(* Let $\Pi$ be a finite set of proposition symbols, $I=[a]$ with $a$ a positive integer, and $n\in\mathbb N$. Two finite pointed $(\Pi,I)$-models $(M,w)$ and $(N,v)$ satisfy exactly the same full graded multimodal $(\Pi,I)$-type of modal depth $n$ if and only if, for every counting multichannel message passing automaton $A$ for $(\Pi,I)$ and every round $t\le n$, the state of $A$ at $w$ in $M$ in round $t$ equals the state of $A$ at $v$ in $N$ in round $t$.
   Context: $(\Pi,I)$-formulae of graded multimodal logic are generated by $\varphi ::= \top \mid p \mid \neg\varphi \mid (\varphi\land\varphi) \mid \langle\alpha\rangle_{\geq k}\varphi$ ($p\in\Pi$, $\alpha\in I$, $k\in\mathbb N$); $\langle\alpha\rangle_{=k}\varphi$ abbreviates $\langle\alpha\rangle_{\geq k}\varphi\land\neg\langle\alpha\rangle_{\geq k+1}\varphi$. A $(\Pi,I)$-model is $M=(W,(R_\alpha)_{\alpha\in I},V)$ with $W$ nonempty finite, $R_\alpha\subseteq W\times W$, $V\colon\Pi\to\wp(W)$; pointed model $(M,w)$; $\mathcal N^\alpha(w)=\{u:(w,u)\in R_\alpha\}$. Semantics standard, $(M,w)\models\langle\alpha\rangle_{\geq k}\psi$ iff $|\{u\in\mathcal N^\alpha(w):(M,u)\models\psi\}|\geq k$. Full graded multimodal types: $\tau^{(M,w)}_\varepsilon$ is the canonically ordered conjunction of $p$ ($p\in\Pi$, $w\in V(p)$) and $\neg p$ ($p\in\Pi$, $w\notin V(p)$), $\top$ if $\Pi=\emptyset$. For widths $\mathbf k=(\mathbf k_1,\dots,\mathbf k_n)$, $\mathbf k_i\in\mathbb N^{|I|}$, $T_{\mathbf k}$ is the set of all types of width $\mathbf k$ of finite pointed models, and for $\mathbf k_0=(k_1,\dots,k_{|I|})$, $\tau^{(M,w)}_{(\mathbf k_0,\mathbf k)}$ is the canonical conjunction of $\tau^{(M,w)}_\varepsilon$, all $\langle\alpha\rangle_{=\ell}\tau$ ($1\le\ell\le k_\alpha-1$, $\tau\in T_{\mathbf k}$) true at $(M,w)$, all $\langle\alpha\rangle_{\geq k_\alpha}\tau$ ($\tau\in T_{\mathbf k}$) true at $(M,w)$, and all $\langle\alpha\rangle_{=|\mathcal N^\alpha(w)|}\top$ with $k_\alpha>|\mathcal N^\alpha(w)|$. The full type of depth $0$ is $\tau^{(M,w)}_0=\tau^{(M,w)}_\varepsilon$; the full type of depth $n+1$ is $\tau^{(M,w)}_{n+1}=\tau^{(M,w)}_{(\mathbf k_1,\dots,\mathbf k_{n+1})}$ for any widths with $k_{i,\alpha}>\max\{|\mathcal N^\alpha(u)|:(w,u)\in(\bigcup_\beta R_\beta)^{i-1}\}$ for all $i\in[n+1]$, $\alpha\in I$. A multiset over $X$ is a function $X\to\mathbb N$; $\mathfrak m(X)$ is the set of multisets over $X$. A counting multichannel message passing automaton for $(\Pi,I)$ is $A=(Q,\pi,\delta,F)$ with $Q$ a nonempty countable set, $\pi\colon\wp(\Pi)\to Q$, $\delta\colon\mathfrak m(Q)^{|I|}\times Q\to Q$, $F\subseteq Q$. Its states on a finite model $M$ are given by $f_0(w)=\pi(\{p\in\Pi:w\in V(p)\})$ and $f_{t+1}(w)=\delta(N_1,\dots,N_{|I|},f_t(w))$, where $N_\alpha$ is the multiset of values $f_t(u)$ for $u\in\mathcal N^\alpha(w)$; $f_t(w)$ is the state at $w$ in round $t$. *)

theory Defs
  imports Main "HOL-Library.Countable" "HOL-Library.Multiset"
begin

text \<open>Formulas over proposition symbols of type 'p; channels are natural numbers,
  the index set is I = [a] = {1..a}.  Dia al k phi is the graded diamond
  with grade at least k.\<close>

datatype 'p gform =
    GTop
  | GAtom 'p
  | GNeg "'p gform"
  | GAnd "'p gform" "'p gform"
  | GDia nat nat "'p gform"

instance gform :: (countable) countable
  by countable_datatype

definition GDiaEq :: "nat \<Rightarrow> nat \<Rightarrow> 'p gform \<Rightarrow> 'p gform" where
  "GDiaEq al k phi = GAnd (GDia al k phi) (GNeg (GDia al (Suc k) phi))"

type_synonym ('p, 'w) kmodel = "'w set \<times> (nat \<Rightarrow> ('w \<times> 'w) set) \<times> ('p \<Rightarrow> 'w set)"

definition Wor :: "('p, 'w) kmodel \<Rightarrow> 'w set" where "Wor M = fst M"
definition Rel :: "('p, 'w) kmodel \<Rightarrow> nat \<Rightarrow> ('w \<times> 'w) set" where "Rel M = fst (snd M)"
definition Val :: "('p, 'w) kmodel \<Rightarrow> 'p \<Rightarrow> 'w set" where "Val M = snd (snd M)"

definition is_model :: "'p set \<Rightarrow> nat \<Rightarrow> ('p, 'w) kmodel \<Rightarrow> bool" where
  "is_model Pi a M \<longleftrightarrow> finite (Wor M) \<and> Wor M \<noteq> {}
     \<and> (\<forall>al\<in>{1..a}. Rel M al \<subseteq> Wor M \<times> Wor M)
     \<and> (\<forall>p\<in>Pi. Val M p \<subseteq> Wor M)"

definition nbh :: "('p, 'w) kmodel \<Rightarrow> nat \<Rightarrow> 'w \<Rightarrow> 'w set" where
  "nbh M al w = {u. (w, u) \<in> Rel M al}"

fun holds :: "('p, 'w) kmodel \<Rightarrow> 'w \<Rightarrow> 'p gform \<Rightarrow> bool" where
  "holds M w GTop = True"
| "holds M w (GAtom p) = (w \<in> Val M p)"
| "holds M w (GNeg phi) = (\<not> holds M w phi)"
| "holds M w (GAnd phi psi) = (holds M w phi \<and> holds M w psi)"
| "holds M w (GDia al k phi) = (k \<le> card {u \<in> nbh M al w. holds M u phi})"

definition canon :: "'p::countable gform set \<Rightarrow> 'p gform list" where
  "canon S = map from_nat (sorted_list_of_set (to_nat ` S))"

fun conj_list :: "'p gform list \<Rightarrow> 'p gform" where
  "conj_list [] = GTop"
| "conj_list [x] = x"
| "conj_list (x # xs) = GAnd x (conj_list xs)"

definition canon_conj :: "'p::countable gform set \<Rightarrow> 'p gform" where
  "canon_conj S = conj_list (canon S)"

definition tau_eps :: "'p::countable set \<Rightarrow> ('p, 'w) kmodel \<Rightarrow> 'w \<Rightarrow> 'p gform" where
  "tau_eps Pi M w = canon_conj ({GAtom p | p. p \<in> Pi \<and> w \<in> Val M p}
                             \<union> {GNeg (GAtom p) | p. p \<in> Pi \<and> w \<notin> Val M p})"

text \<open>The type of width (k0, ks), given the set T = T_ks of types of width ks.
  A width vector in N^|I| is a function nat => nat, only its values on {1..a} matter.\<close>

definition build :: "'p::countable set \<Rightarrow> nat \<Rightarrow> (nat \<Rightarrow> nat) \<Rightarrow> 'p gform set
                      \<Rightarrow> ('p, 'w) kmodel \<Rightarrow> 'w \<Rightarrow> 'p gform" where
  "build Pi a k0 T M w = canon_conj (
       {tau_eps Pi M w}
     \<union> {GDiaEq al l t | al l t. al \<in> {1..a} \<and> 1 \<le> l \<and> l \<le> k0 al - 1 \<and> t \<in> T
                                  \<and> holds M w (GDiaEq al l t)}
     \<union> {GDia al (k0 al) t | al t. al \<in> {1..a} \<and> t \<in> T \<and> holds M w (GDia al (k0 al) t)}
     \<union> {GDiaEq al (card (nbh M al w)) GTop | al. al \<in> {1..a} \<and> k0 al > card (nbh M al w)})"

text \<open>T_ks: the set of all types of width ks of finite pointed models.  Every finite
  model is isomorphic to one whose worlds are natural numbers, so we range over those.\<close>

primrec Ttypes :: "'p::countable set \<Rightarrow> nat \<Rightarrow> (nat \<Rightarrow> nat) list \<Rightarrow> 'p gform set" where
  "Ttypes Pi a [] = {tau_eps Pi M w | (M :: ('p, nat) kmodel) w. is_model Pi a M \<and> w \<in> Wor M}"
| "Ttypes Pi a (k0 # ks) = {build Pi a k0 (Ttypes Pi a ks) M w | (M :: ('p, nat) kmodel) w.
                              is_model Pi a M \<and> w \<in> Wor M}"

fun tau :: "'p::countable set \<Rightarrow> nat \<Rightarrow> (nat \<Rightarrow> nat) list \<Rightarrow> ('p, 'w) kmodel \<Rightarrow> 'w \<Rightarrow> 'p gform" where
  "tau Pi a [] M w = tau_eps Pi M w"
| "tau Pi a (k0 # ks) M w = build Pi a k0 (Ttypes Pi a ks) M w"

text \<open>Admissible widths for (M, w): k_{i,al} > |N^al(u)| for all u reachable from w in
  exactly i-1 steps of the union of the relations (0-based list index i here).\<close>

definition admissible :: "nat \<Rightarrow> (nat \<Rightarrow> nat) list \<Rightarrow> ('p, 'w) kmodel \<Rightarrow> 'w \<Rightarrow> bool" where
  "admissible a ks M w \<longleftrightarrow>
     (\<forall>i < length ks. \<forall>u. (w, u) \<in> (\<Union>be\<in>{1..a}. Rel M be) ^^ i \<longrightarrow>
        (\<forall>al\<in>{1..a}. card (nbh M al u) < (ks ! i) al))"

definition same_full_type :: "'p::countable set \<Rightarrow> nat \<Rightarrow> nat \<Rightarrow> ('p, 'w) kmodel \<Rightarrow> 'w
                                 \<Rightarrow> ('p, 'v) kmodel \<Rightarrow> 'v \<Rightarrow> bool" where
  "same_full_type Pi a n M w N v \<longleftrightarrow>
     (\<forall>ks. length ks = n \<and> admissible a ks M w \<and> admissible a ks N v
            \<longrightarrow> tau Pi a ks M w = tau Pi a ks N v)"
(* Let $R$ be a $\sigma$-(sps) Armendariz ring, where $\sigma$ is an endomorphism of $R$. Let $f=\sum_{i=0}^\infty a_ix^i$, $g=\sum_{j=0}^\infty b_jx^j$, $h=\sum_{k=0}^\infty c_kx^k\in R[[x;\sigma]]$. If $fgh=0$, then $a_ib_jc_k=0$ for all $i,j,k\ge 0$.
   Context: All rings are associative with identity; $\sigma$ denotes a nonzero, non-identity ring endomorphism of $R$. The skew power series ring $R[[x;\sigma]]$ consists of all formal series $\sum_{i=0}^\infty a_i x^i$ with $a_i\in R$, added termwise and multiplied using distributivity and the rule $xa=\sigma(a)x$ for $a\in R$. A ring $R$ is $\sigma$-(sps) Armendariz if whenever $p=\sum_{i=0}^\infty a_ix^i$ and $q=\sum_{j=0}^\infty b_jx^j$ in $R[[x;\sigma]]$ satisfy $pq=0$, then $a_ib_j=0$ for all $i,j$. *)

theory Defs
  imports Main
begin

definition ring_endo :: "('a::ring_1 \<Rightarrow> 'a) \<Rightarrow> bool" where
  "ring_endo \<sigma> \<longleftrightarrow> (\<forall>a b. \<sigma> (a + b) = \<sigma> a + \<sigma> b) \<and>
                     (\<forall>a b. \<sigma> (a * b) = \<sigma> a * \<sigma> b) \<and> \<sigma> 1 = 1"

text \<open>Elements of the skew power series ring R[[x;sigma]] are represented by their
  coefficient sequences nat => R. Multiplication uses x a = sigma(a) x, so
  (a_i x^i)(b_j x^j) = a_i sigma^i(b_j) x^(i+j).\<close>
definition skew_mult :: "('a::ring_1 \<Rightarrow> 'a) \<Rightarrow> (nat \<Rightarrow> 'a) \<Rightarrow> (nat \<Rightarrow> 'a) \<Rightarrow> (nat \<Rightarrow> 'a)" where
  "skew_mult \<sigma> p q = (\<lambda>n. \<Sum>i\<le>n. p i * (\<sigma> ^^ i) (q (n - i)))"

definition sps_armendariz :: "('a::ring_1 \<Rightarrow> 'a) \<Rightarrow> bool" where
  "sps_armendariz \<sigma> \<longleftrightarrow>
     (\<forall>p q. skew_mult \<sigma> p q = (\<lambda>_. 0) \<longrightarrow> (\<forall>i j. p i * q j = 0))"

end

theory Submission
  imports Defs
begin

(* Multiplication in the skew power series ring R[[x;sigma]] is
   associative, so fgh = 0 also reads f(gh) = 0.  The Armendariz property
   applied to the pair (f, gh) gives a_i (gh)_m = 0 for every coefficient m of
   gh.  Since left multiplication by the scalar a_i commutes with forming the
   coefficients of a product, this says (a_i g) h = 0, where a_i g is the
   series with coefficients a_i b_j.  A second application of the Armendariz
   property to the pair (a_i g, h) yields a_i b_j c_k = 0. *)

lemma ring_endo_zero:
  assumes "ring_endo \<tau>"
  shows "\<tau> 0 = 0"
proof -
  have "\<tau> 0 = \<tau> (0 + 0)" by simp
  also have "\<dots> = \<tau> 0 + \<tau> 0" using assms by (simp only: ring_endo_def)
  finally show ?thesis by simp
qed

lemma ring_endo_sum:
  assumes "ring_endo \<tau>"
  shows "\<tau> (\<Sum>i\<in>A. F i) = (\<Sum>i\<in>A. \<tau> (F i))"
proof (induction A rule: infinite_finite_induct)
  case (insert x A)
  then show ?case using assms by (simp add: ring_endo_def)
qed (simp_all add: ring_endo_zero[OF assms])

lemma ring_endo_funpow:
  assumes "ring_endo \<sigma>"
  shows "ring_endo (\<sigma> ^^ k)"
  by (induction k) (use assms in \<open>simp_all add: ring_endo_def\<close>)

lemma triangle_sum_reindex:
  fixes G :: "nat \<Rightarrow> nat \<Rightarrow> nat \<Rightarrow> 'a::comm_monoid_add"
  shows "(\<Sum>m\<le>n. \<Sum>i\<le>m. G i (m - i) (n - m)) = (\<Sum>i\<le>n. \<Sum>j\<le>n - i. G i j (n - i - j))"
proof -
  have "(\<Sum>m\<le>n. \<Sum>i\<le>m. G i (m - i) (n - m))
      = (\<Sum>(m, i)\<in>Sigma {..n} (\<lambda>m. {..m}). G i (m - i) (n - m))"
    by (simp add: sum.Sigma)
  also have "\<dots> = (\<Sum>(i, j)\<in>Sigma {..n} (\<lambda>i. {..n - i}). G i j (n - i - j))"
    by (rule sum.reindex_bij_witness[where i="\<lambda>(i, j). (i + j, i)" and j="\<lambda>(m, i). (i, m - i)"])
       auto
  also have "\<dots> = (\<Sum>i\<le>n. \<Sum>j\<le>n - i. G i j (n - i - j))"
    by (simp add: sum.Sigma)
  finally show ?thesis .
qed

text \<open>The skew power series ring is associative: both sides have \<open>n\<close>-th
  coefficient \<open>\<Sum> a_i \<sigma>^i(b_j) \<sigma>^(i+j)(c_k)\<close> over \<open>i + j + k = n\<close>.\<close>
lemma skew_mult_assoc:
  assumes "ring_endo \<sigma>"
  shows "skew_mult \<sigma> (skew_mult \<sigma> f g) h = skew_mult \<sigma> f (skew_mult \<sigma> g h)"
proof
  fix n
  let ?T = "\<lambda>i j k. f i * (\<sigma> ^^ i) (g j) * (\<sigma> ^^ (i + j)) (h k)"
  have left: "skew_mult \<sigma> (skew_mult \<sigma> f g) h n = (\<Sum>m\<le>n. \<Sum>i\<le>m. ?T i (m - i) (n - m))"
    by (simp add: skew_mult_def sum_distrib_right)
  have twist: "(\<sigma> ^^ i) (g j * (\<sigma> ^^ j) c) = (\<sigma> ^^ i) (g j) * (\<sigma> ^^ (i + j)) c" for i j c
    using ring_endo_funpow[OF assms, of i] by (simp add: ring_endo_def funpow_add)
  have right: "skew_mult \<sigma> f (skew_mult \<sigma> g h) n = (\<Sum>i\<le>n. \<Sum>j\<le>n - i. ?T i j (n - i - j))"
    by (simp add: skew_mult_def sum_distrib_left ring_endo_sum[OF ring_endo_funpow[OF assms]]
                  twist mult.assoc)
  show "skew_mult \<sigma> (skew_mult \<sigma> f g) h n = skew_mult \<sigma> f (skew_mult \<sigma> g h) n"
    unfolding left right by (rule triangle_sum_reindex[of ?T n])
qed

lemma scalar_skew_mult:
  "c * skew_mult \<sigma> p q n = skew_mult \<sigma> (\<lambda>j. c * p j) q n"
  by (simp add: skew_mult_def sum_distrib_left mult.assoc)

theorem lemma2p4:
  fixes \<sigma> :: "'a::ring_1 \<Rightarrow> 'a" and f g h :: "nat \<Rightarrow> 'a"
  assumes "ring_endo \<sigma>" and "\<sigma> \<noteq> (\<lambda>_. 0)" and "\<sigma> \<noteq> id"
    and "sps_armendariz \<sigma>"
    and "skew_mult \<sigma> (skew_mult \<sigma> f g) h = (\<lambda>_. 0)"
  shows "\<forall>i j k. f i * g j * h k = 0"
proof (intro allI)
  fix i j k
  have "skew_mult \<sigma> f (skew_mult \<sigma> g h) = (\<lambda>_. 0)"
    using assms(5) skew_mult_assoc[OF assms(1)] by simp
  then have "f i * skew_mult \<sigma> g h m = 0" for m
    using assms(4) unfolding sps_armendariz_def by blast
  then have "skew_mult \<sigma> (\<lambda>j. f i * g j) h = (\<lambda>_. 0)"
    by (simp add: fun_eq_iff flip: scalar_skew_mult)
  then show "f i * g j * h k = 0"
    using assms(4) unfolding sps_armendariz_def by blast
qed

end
════
Directions for this task: Transcribe the lines above between the line holding "h = skew_mult" and the line holding "n = (\<Sum>m\<le>n.", inclusive, exactly as they stand and with nothing added.

Exercise response:
  shows "skew_mult \<sigma> (skew_mult \<sigma> f g) h = skew_mult \<sigma> f (skew_mult \<sigma> g h)"
proof
  fix n
  let ?T = "\<lambda>i j k. f i * (\<sigma> ^^ i) (g j) * (\<sigma> ^^ (i + j)) (h k)"
  have left: "skew_mult \<sigma> (skew_mult \<sigma> f g) h n = (\<Sum>m\<le>n. \<Sum>i\<le>m. ?T i (m - i) (n - m))"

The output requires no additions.